The ECB's economists expect inflation to fall back to the central bank's target next year, but policymakers remain concerned about big rises in services prices. Services inflation inched down in November, but likely remains too strong for the comfort of rate setters.

"For a sustainable decline of inflation to our 2% target, we need to see services inflation come down," ECB executive board member Isabel Schnabel said this week.

The pickup in the inflation rate in November could make the central bank's policymakers reluctant to move more aggressively to lower borrowing costs. But with the eurozone economy struggling to get any wind in its sails, investors are betting that a cut to interest rates remains the most likely outcome at December's policy meeting.

The bank this year set out on a path of gradually lowering interest rates toward their neutral point, or the level at which they no longer act as a braking force on investment and economic activity. That level is held by policymakers to be between 2% and 3%, compared with the current 3.25% deposit rate. Still, some eurozone central bankers have suggested the ECB may need to bring rates below neutral in order to encourage activity, though that would risk bringing about a fresh spike in inflation.

The bank should keep its options open as to the size of December's rate reduction, Bank of France Governor Francois Villeroy de Galhau said in a speech in Paris on Thursday, suggesting the possibility of a stronger cut of half a point, rather than a quarter. Undershooting inflation remains a danger for the eurozone, Villeroy said.

"The European economy is achieving a soft landing, but a take-off is not yet in sight," he said.

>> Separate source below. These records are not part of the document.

text \<open>psi_0(s) = s ln(e/s), with psi_0(0) = 0 (continuous extension).\<close>
definition psi0 :: "real \<Rightarrow> real" where
  "psi0 s = (if s = 0 then 0 else s * ln (exp 1 / s))"

definition u :: "(real \<Rightarrow> real) \<Rightarrow> ennreal" where
  "u N = (\<integral>\<^sup>+ t. ennreal (N t) * indicator {0..} t \<partial>lborel)"

definition ustar :: "(real \<Rightarrow> real) \<Rightarrow> ennreal" where
  "ustar N = (\<integral>\<^sup>+ t. ennreal (psi0 (N t)) * indicator {0..} t \<partial>lborel)"

end

theory Submission
  imports Defs
begin

(* The midpoint Jensen gap of the concave function psi0 is quadratically large: writing
   a = m (1 + x), b = m (1 - x) with m = (a + b) / 2, one gets
   2 psi0 m - psi0 a - psi0 b = m ((1 + x) ln (1 + x) + (1 - x) ln (1 - x)) >= m x^2 = (a - m)^2 / m.
   Integrating this pointwise bound gives u*(N) - (u*(N1) + u*(N2)) / 2 >= 1/2 \<integral> (N1 - N)^2 / N,
   and integrating |d| <= c d^2 / f + f / (4 c) with the optimal c turns the right-hand side into
   the Cauchy-Schwarz bound (\<integral> |d|)^2 / \<integral> f. *)

(* Valid for every real s, since ln 0 = 0 and ln (- s) = ln s. *)
lemma psi0_eq: "psi0 s = s - s * ln s"
  by (simp add: psi0_def ln_div algebra_simps)

lemma psi0_nonneg:
  assumes "0 \<le> s" "s \<le> exp 1"
  shows "0 \<le> psi0 s"
proof (cases "s = 0")
  case False
  then have "1 \<le> exp 1 / s" using assms by (simp add: field_simps)
  then show ?thesis using assms by (simp add: psi0_def)
qed (simp add: psi0_def)

lemma psi0_mult:
  assumes "0 \<le> m" "0 \<le> y"
  shows "psi0 (m * y) = y * psi0 m - m * y * ln y"
  using assms by (cases "m = 0 \<or> y = 0") (auto simp: psi0_eq ln_mult algebra_simps)

lemma two_mult_le_ln_one_plus_minus_ln_one_minus:
  fixes x :: real
  assumes "0 \<le> x" "x < 1"
  shows "2 * x \<le> ln (1 + x) - ln (1 - x)"
proof -
  let ?g = "\<lambda>x::real. ln (1 + x) - ln (1 - x) - 2 * x"
  have "?g 0 \<le> ?g x"
  proof (rule DERIV_nonneg_imp_nondecreasing[OF assms(1)])
    fix y assume y: "0 \<le> y" "y \<le> x"
    have "DERIV ?g y :> 1 / (1 + y) + 1 / (1 - y) - 2"
      using y assms by (auto intro!: derivative_eq_intros)
    moreover have "1 / (1 + y) + 1 / (1 - y) - 2 = 2 * y\<^sup>2 / ((1 + y) * (1 - y))"
      using y assms mult_right_mono[of y 1 y] by (simp add: field_simps power2_eq_square)
    moreover have "0 \<le> 2 * y\<^sup>2 / ((1 + y) * (1 - y))"
      using y assms by simp
    ultimately show "\<exists>d. DERIV ?g y :> d \<and> 0 \<le> d" by auto
  qed
  then show ?thesis by simp
qed

lemma square_le_mult_ln_one_plus_plus_mult_ln_one_minus:
  fixes x :: real
  assumes "\<bar>x\<bar> \<le> 1"
  shows "x\<^sup>2 \<le> (1 + x) * ln (1 + x) + (1 - x) * ln (1 - x)"
proof -
  let ?h = "\<lambda>x::real. (1 + x) * ln (1 + x) + (1 - x) * ln (1 - x) - x\<^sup>2"
  have "0 \<le> ?h x" if "0 \<le> x" "x \<le> 1" for x
  proof (cases "x = 1")
    case True
    have "ln (1/2::real) \<le> 1/2 - 1" by (rule ln_le_minus_one) auto
    then show ?thesis using True by (simp add: ln_div)
  next
    case False
    have "?h 0 \<le> ?h x"
    proof (rule DERIV_nonneg_imp_nondecreasing[OF \<open>0 \<le> x\<close>])
      fix y assume y: "0 \<le> y" "y \<le> x"
      have "DERIV ?h y :> ln (1 + y) + (1 + y) / (1 + y) - ln (1 - y) - (1 - y) / (1 - y) - 2 * y"
        using y that False by (auto intro!: derivative_eq_intros)
      then have "DERIV ?h y :> ln (1 + y) - ln (1 - y) - 2 * y"
        using y that False by simp
      moreover have "0 \<le> ln (1 + y) - ln (1 - y) - 2 * y"
        using two_mult_le_ln_one_plus_minus_ln_one_minus[of y] y that False by simp
      ultimately show "\<exists>d. DERIV ?h y :> d \<and> 0 \<le> d" by blast
    qed
    then show ?thesis by simp
  qed
  from this[of "\<bar>x\<bar>"] show ?thesis
    using assms by (cases "0 \<le> x") (auto simp: algebra_simps)
qed

(* For a = b = 0 the quadratic term is 0 / 0 = 0. *)
lemma psi0_midpoint_gap:
  fixes a b :: real
  assumes "0 \<le> a" "0 \<le> b"
  shows "psi0 a + psi0 b + (a - (a + b) / 2)\<^sup>2 / ((a + b) / 2) \<le> 2 * psi0 ((a + b) / 2)"
proof (cases "a + b = 0")
  case True
  then show ?thesis using assms by (simp add: psi0_def)
next
  case False
  define m where "m = (a + b) / 2"
  define x where "x = (a - b) / (a + b)"
  have "0 < m" using assms False by (simp add: m_def)
  have "\<bar>x\<bar> \<le> 1" using assms False by (simp add: x_def divide_le_eq_1 abs_le_iff)
  have a: "a = m * (1 + x)" and b: "b = m * (1 - x)"
    using False by (simp_all add: m_def x_def field_simps)
  have "psi0 a = (1 + x) * psi0 m - m * (1 + x) * ln (1 + x)"
    "psi0 b = (1 - x) * psi0 m - m * (1 - x) * ln (1 - x)"
    unfolding a b using \<open>0 < m\<close> \<open>\<bar>x\<bar> \<le> 1\<close> by (simp_all add: psi0_mult)
  then have "psi0 a + psi0 b = 2 * psi0 m - m * ((1 + x) * ln (1 + x) + (1 - x) * ln (1 - x))"
    by (simp add: algebra_simps)
  moreover have "(a - m)\<^sup>2 / m = m * x\<^sup>2"
    using \<open>0 < m\<close> by (simp add: a field_simps power2_eq_square)
  moreover have "m * x\<^sup>2 \<le> m * ((1 + x) * ln (1 + x) + (1 - x) * ln (1 - x))"
    using square_le_mult_ln_one_plus_plus_mult_ln_one_minus[OF \<open>\<bar>x\<bar> \<le> 1\<close>] \<open>0 < m\<close> by simp
  ultimately show ?thesis by (simp add: m_def)
qed

lemma psi0_measurable [measurable]: "psi0 \<in> borel_measurable borel"
  unfolding psi0_def[abs_def] by measurable

lemma nn_integral_psi0_midpoint_gap:
  fixes f g m :: "'a \<Rightarrow> real"
  assumes [measurable]: "f \<in> borel_measurable M" "g \<in> borel_measurable M"
    and f: "\<And>x. 0 \<le> f x \<and> f x \<le> exp 1" and g: "\<And>x. 0 \<le> g x \<and> g x \<le> exp 1"
    and m: "\<And>x. m x = (f x + g x) / 2"
  shows "(\<integral>\<^sup>+x. psi0 (f x) \<partial>M) + (\<integral>\<^sup>+x. psi0 (g x) \<partial>M) + (\<integral>\<^sup>+x. (f x - m x)\<^sup>2 / m x \<partial>M)
         \<le> 2 * (\<integral>\<^sup>+x. psi0 (m x) \<partial>M)"
proof -
  have [measurable]: "m \<in> borel_measurable M"
    unfolding m[abs_def] by measurable
  have "ennreal (psi0 (f x)) + ennreal (psi0 (g x)) + ennreal ((f x - m x)\<^sup>2 / m x)
        \<le> 2 * ennreal (psi0 (m x))" for x
  proof -
    have "0 \<le> psi0 (f x)" "0 \<le> psi0 (g x)" "0 \<le> (f x - m x)\<^sup>2 / m x"
      using f g psi0_nonneg by (auto simp: m)
    then have "ennreal (psi0 (f x)) + ennreal (psi0 (g x)) + ennreal ((f x - m x)\<^sup>2 / m x)
        = ennreal (psi0 (f x) + psi0 (g x) + (f x - m x)\<^sup>2 / m x)"
      by (simp add: ennreal_plus)
    also have "\<dots> \<le> ennreal (2 * psi0 (m x))"
      using psi0_midpoint_gap f g by (intro ennreal_leI) (auto simp: m)
    also have "\<dots> = 2 * ennreal (psi0 (m x))"
      by (subst ennreal_mult') simp_all
    finally show ?thesis .
  qed
  then have "(\<integral>\<^sup>+x. ennreal (psi0 (f x)) + ennreal (psi0 (g x)) + ennreal ((f x - m x)\<^sup>2 / m x) \<partial>M)
        \<le> (\<integral>\<^sup>+x. 2 * ennreal (psi0 (m x)) \<partial>M)"
    by (intro nn_integral_mono)
  then show ?thesis by (simp add: nn_integral_add nn_integral_cmult)
qed

lemma square_integral_abs_div_le_nn_integral:
  fixes d f :: "'a \<Rightarrow> real"
  assumes d: "integrable M d" and f: "integrable M f" "\<And>x. 0 \<le> f x"
    and d_zero: "\<And>x. f x = 0 \<Longrightarrow> d x = 0" and U_pos: "0 < (\<integral>x. f x \<partial>M)"
  shows "ennreal ((\<integral>x. \<bar>d x\<bar> \<partial>M)\<^sup>2 / (\<integral>x. f x \<partial>M)) \<le> (\<integral>\<^sup>+x. (d x)\<^sup>2 / f x \<partial>M)"
proof (cases "(\<integral>\<^sup>+x. (d x)\<^sup>2 / f x \<partial>M) = \<infinity>")
  case False
  define A where "A = (\<integral>x. \<bar>d x\<bar> \<partial>M)"
  define U where "U = (\<integral>x. f x \<partial>M)"
  have [measurable]: "d \<in> borel_measurable M" "f \<in> borel_measurable M"
    using d f by auto
  have q: "integrable M (\<lambda>x. (d x)\<^sup>2 / f x)"
    using False f(2) by (intro integrableI_nonneg) (auto simp: top.not_eq_extremum)
  define B where "B = (\<integral>x. (d x)\<^sup>2 / f x \<partial>M)"
  have "A\<^sup>2 / U \<le> B"
  proof (cases "A = 0")
    case False
    then have "0 < A" unfolding A_def by (metis integral_nonneg_AE abs_ge_zero AE_I2 order_le_less)
    define c where "c = U / (2 * A)"
    have "0 < c" using \<open>0 < A\<close> U_pos by (simp add: c_def U_def)
    have "\<bar>d x\<bar> \<le> c * ((d x)\<^sup>2 / f x) + f x / (4 * c)" for x
    proof (cases "f x = 0")
      case False
      then have "0 < f x" using f(2) order_le_less by metis
      have "c * ((d x)\<^sup>2 / f x) + f x / (4 * c) - \<bar>d x\<bar> = (2 * c * \<bar>d x\<bar> - f x)\<^sup>2 / (4 * c * f x)"
        using \<open>0 < f x\<close> \<open>0 < c\<close> by (simp add: field_simps power2_eq_square)
      also have "\<dots> \<ge> 0" using \<open>0 < f x\<close> \<open>0 < c\<close> by simp
      finally show ?thesis by simp
    qed (use d_zero in simp)
    then have "A \<le> (\<integral>x. c * ((d x)\<^sup>2 / f x) + f x / (4 * c) \<partial>M)"
      unfolding A_def using d f q
      by (intro integral_mono Bochner_Integration.integrable_add integrable_mult_right integrable_divide) auto
    also have "\<dots> = c * B + U / (4 * c)"
      using q f by (subst Bochner_Integration.integral_add) (auto simp: B_def U_def simp del: times_divide_eq_right)
    also have "\<dots> = U * B / (2 * A) + A / 2"
      using \<open>0 < A\<close> U_pos by (simp add: c_def U_def field_simps)
    finally show ?thesis
      using \<open>0 < A\<close> U_pos by (simp add: U_def field_simps power2_eq_square)
  qed (use f(2) in \<open>simp add: B_def integral_nonneg_AE\<close>)
  then show ?thesis
    using q f(2) by (simp add: A_def U_def B_def nn_integral_eq_integral)
qed simp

A fall in services prices ahead should drive the bank to cut rates more than markets currently expect, said Jack Allen-Reynolds, an economist covering the eurozone at Capital Economics.

"Bigger cuts will be on the cards sooner or later," he said in a note to investors.

Pressures on growth in the eurozone include the threat of a trade conflict with the U.S. following the election of former president Donald Trump to a second term in the White House. Whether tariffs will be applied to European imports, and of what stripe, remains uncertain and their eventual effects a matter of debate.

Fluctuations in energy prices saw inflation run above target in major eurozone economies including Germany and Spain this month. But in France, prices rose below 2% for a third straight month as its economy sputters.

Some ECB rate setters, including Villeroy, don't expect tariffs to have a major impact on prices in Europe. But the bank's president Christine Lagarde has warned a trade war is likely, if anything, to cause a slight upward impact on inflation in the near term.

"But you could argue both ways; it depends what the tariffs are, what they are applied on and over what period of time," she told the Financial Times in an interview published this week.

Most investors are expecting the ECB to cut rates by a quarter point next month, according to LSEG Refinitiv data. A minority, however, anticipate a bolder half-point cut against a backdrop of rising tariff threats and disappointing business surveys set out last week. Those surveys suggested activity is stagnating in the eurozone and that firms, fearing a chill on their business from an icier global trade background, are shedding staff, fuelling concern the 20-member currency union could slide into a winter recession.

Monetary policy should indeed avoid choking off activity, ECB chief economist Philip Lane said this week.

"Otherwise, the economy will not grow sufficiently and inflation will, I believe, fall below the target," he said in an interview with French daily Les Echos.